ABOUT THIS EXERCISE
Determine the number of lines in the data below that contain the string "cases", and respond with that number alone.
----- PROVIDED DATA -----
definition monomial_ideal :: "'a::comm_ring_1 poly3 set \<Rightarrow> bool" where
  "monomial_ideal I \<longleftrightarrow> (\<exists>M \<subseteq> monomials3. I = ideal_gen M)"

end

theory Submission
  imports Defs "HOL-Library.Set_Algebras"
begin

text \<open>A monomial ideal is the set of polynomials supported on an upward closed set of exponents,
  and the product of two monomial ideals corresponds to the Minkowski sum of their exponent sets.
  For \<open>a \<in> I : x\<close> and \<open>b \<in> I : (y,z)\<close> with \<open>I\<close> supported on \<open>A + B\<close>, every exponent \<open>u\<close>
  of \<open>a\<close> has \<open>u + e\<^sub>1 \<in> A + B\<close>, every exponent \<open>v\<close> of \<open>b\<close> has \<open>v + e\<^sub>2, v + e\<^sub>3 \<in> A + B\<close>, and it
  remains to see \<open>u + v \<in> A + B\<close>. This is clear unless \<open>u = (u\<^sub>1,0,0)\<close> and \<open>v = (0,v\<^sub>2,v\<^sub>3)\<close>.
  Then, as \<open>0 \<notin> A, B\<close> by properness, \<open>u + e\<^sub>1 = j + k\<close> forces \<open>j, k\<close> to be positive pure powers of
  \<open>x\<close>, and in a decomposition \<open>v + e\<^sub>2 = p + q\<close> one of \<open>p, q\<close> has no \<open>y\<close> at all; swapping it
  against \<open>j\<close> or \<open>k\<close> gives a decomposition below \<open>u + v\<close>.\<close>

definition upward_closed :: "'m::plus set \<Rightarrow> bool" where
  "upward_closed S \<longleftrightarrow> (\<forall>a\<in>S. \<forall>d. a + d \<in> S)"

definition supported_polys :: "'m set \<Rightarrow> ('m \<Rightarrow>\<^sub>0 'a::zero) set" where
  "supported_polys S = {f. Poly_Mapping.keys f \<subseteq> S}"

lemma upward_closed_set_plus:
  fixes A B :: "'m::comm_monoid_add set"
  assumes "upward_closed A"
  shows "upward_closed (A + B)"
  unfolding upward_closed_def
proof (intro ballI allI)
  fix c d assume "c \<in> A + B"
  then obtain a b where "c = a + b" "a \<in> A" "b \<in> B" by (rule set_plus_elim)
  then have "c + d = (a + d) + b" "a + d \<in> A"
    using assms by (simp_all add: add_ac upward_closed_def)
  with \<open>b \<in> B\<close> show "c + d \<in> A + B" by auto
qed

lemma zero_notin_upward_closed:
  fixes S :: "'m::comm_monoid_add set"
  assumes "upward_closed S" "supported_polys S \<noteq> (UNIV :: ('m \<Rightarrow>\<^sub>0 'a::zero) set)"
  shows "0 \<notin> S"
proof
  assume "0 \<in> S"
  then have "S = UNIV" using assms(1) unfolding upward_closed_def by force
  then show False using assms(2) by (simp add: supported_polys_def)
qed

lemma is_ideal_ideal_gen: "is_ideal (ideal_gen S)"
  unfolding ideal_gen_def is_ideal_def by auto

lemma ideal_gen_superset: "S \<subseteq> ideal_gen S"
  unfolding ideal_gen_def by auto

lemma ideal_gen_least: "is_ideal I \<Longrightarrow> S \<subseteq> I \<Longrightarrow> ideal_gen S \<subseteq> I"
  unfolding ideal_gen_def by auto

lemma ideal_sum_mem:
  assumes "is_ideal I" "\<And>x. x \<in> A \<Longrightarrow> f x \<in> I"
  shows "sum f A \<in> I"
  using assms(2)
  by (induction A rule: infinite_finite_induct) (use assms(1) in \<open>simp_all add: is_ideal_def\<close>)

lemma is_ideal_supported_polys:
  fixes S :: "'m::comm_monoid_add set"
  assumes "upward_closed S"
  shows "is_ideal (supported_polys S :: ('m \<Rightarrow>\<^sub>0 'a::comm_ring_1) set)"
  unfolding is_ideal_def supported_polys_def
proof (intro conjI ballI allI; simp)
  fix a b :: "'m \<Rightarrow>\<^sub>0 'a" assume "Poly_Mapping.keys a \<subseteq> S" "Poly_Mapping.keys b \<subseteq> S"
  then show "Poly_Mapping.keys (a + b) \<subseteq> S" using keys_add[of a b] by blast
next
  fix r a :: "'m \<Rightarrow>\<^sub>0 'a" assume a: "Poly_Mapping.keys a \<subseteq> S"
  show "Poly_Mapping.keys (r * a) \<subseteq> S"
  proof
    fix x assume "x \<in> Poly_Mapping.keys (r * a)"
    then obtain p q where "x = p + q" "q \<in> Poly_Mapping.keys a" using keys_mult[of r a] by blast
    then show "x \<in> S" using a assms unfolding upward_closed_def by (metis add.commute subsetD)
  qed
qed

lemma poly_mapping_eq_sum_singles:
  fixes f :: "'m \<Rightarrow>\<^sub>0 'a::comm_monoid_add"
  shows "f = (\<Sum>a\<in>Poly_Mapping.keys f. Poly_Mapping.single a (Poly_Mapping.lookup f a))"
proof (rule poly_mapping_eqI)
  fix k
  show "Poly_Mapping.lookup f k =
      Poly_Mapping.lookup (\<Sum>a\<in>Poly_Mapping.keys f. Poly_Mapping.single a (Poly_Mapping.lookup f a)) k"
    unfolding lookup_sum lookup_single
    by (cases "k \<in> Poly_Mapping.keys f") (auto simp: when_def in_keys_iff)
qed

lemma supported_polys_subset_ideal:
  fixes I :: "('m::comm_monoid_add \<Rightarrow>\<^sub>0 'a::comm_ring_1) set"
  assumes "is_ideal I" "\<And>a. a \<in> S \<Longrightarrow> Poly_Mapping.single a 1 \<in> I"
  shows "supported_polys S \<subseteq> I"
proof
  fix f :: "'m \<Rightarrow>\<^sub>0 'a" assume "f \<in> supported_polys S"
  then have keys_f: "Poly_Mapping.keys f \<subseteq> S" by (simp add: supported_polys_def)
  have "(\<Sum>a\<in>Poly_Mapping.keys f. Poly_Mapping.single a (Poly_Mapping.lookup f a)) \<in> I"
  proof (rule ideal_sum_mem[OF assms(1)])
    fix a assume "a \<in> Poly_Mapping.keys f"
    then have "Poly_Mapping.single 0 (Poly_Mapping.lookup f a) * Poly_Mapping.single a 1 \<in> I"
      using keys_f assms unfolding is_ideal_def by blast
    then show "Poly_Mapping.single a (Poly_Mapping.lookup f a) \<in> I" by (simp add: mult_single)
  qed
  then show "f \<in> I" by (subst poly_mapping_eq_sum_singles)
qed

lemma ideal_prod_supported_polys:
  fixes A B :: "'m::comm_monoid_add set"
  assumes "upward_closed A"
  shows "ideal_prod (supported_polys A) (supported_polys B) =
    (supported_polys (A + B) :: ('m \<Rightarrow>\<^sub>0 'a::comm_ring_1) set)"
    (is "ideal_prod ?JA ?JB = _")
proof
  show "ideal_prod ?JA ?JB \<subseteq> supported_polys (A + B)"
    unfolding ideal_prod_def
  proof (intro ideal_gen_least is_ideal_supported_polys upward_closed_set_plus assms subsetI)
    fix x assume "x \<in> {a * b |a b. a \<in> ?JA \<and> b \<in> ?JB}"
    then obtain a b where "x = a * b" "Poly_Mapping.keys a \<subseteq> A" "Poly_Mapping.keys b \<subseteq> B"
      unfolding supported_polys_def by blast
    then have "Poly_Mapping.keys x \<subseteq> A + B"
      using keys_mult[of a b] by blast
    then show "x \<in> supported_polys (A + B)" by (simp add: supported_polys_def)
  qed
next
  show "supported_polys (A + B) \<subseteq> ideal_prod ?JA ?JB"
    unfolding ideal_prod_def
  proof (rule supported_polys_subset_ideal[OF is_ideal_ideal_gen])
    fix c assume "c \<in> A + B"
    then obtain a b where ab: "c = a + b" "a \<in> A" "b \<in> B" by (rule set_plus_elim)
    then have "Poly_Mapping.single a 1 \<in> ?JA" "Poly_Mapping.single b 1 \<in> ?JB"
      by (simp_all add: supported_polys_def)
    then have "Poly_Mapping.single a 1 * Poly_Mapping.single b 1 \<in> {a * b |a b. a \<in> ?JA \<and> b \<in> ?JB}"
      by blast
    then show "Poly_Mapping.single c 1 \<in> ideal_gen {a * b |a b. a \<in> ?JA \<and> b \<in> ?JB}"
      using ideal_gen_superset ab(1) by (fastforce simp: mult_single)
  qed
qed

lemma lookup_times_single_one:
  fixes f :: "'m::cancel_comm_monoid_add \<Rightarrow>\<^sub>0 'a::comm_ring_1"
  shows "Poly_Mapping.lookup (f * Poly_Mapping.single e 1) (b + e) = Poly_Mapping.lookup f b"
proof -
  have "f * Poly_Mapping.single e 1 =
      (\<Sum>a\<in>Poly_Mapping.keys f. Poly_Mapping.single (a + e) (Poly_Mapping.lookup f a))"
    by (subst poly_mapping_eq_sum_singles[of f]) (simp add: sum_distrib_right mult_single)
  then have "Poly_Mapping.lookup (f * Poly_Mapping.single e 1) (b + e) =
      (\<Sum>a\<in>Poly_Mapping.keys f. Poly_Mapping.lookup f a when a = b)"
    by (simp add: lookup_sum lookup_single)
  also have "\<dots> = Poly_Mapping.lookup f b"
    by (cases "b \<in> Poly_Mapping.keys f") (auto simp: when_def in_keys_iff)
  finally show ?thesis .
qed

lemma colon_supported_polys_keys:
  fixes f :: "'m::cancel_comm_monoid_add \<Rightarrow>\<^sub>0 'a::comm_ring_1"
  assumes "f \<in> ideal_colon (supported_polys S) L" "Poly_Mapping.single e 1 \<in> L"
    and "p \<in> Poly_Mapping.keys f"
  shows "p + e \<in> S"
proof -
  have "f * Poly_Mapping.single e 1 \<in> supported_polys S"
    using assms(1,2) by (simp add: ideal_colon_def)
  moreover have "p + e \<in> Poly_Mapping.keys (f * Poly_Mapping.single e 1)"
    using assms(3) by (simp add: in_keys_iff lookup_times_single_one)
  ultimately show ?thesis by (auto simp: supported_polys_def)
qed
-----
RESPONSE
2